17:20-17:50 Mostafa Dehghani (Google)

"Moving Beyond Translation with Universal Transformers"

In this talk, we will discuss the Universal Transformer model. The Universal Transformer is an extension to the Transformer models which combines the parallelizability and global receptive field of the Transformer model with the recurrent inductive bias of RNNs, which seems to be better suited to a range of algorithmic and natural language understanding sequence-to-sequence problems. Besides, as the name implies, in contrast to the standard Transformer, under certain assumptions the Universal Transformer can be shown to be computationally universal.

----

17:50-18:00 Panel QA and Wrap Up

18:00-19:00 Drinks and Food

19:00-20:00 Brass Rave Unit:
Live acoustic set from one of Amsterdam's hottest Brass Bands.

20:00-21:30 DJ KREMLIN DISKO

This young Amsterdam based DJ is ready to show the crowd what old school Disco is about.

22:00 End

Location and getting there:

The Startup Village at Science Park 608 in Amsterdam is easy to reach by bike from the city center, as well as by public transport and car. The closest train station is Amsterdam Amstel and from there bus 40 takes you to a stop right in front of the Startup Village containers on the south side of the University of Amsterdam campus.

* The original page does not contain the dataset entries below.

(* Fix $\alpha \in (1/2, 1)$ and $\varepsilon>0$. Then there exists $n_0$ such that the following holds for all $n>n_0$: every $n$-vertex graph $G$ with at least $\lfloor n^2/4\rfloor+1$ edges and $b(G)<\alpha n/2$ satisfies $$t(G) > (\alpha(1-\alpha)-\varepsilon) \frac{n^2}{4}.$$
   Context: Graphs are finite and simple. A book of size $b$ in a graph is an edge that lies in $b$ triangles; $b(G)$ denotes the maximum size of a book in $G$, i.e. the maximum, over all edges $e$ of $G$, of the number of triangles of $G$ containing $e$. $t(G)$ denotes the number of triangles in $G$. *)

theory Defs
  imports Complex_Main
begin

definition simple_graph :: "'a set \<Rightarrow> 'a set set \<Rightarrow> bool" where
  "simple_graph V E \<longleftrightarrow> finite V \<and> (\<forall>e\<in>E. e \<subseteq> V \<and> card e = 2)"

definition triangles :: "'a set \<Rightarrow> 'a set set \<Rightarrow> 'a set set" where
  "triangles V E = {T. T \<subseteq> V \<and> card T = 3 \<and> (\<forall>x\<in>T. \<forall>y\<in>T. x \<noteq> y \<longrightarrow> {x, y} \<in> E)}"

definition num_triangles :: "'a set \<Rightarrow> 'a set set \<Rightarrow> nat" where
  "num_triangles V E = card (triangles V E)"

definition book_size :: "'a set \<Rightarrow> 'a set set \<Rightarrow> 'a set \<Rightarrow> nat" where
  "book_size V E e = card {T \<in> triangles V E. e \<subseteq> T}"

definition max_book :: "'a set \<Rightarrow> 'a set set \<Rightarrow> nat" where
  "max_book V E = Max (insert 0 (book_size V E ` E))"

end

(*
  Suppose t(G) \<le> (\<alpha>(1 - \<alpha>) - \<epsilon>) n\<^sup>2/4 \<le> n\<^sup>2/16.  Averaging over the neighbourhood cuts
  (N(v), V - N(v)) shows that some cut, hence also a maximum cut (A, V - A), leaves only
  O(t/n) = O(n) edges uncut.  As e(G) > n\<^sup>2/4 \<ge> |A| |V - A|, both sides have about n/2 vertices
  and fewer cross pairs are non-edges than edges are uncut; so only O(1/\<delta>) vertices are heavy,
  i.e. miss at least \<delta> n cross neighbours.

  Two adjacent vertices on the same side have at least (size of the other side) minus their
  missing cross neighbours as common neighbours, but at most b(G) < \<alpha> n/2 of them.  Hence no
  uncut edge joins two light vertices, and a heavy vertex x with a light neighbour y on its side
  has fewer than \<beta> = b(G) + \<delta> n cross neighbours, while xy lies in almost as many triangles as
  x has cross neighbours.  Weighing the cross non-edges at heavy vertices against their light
  neighbours with weight \<beta> gives t(G) \<ge> \<beta> (c - \<beta>) - O(\<delta> n\<^sup>2) for the smaller side c \<ge> (1/2 - \<delta>) n,
  and c - O(1) \<le> 2\<beta> \<le> (\<alpha> + 2\<delta>) n turns this into t(G) \<ge> (\<alpha>(1 - \<alpha>)/4 - O(\<delta>)) n\<^sup>2.
*)

theory Submission
  imports Defs
begin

If you come by car, take exit S113 from Amsterdam ring, and follow signs for Science Park. The nearest (paid - and unfortunately quite pricey) parking is P7. Yes, biking or public transport really is the much better option!

The workshop and party are in the 'Night' room of the Startup Village event space. This is the red double-high stack of containers with the tent in front of it, next to the tall Equinix data center.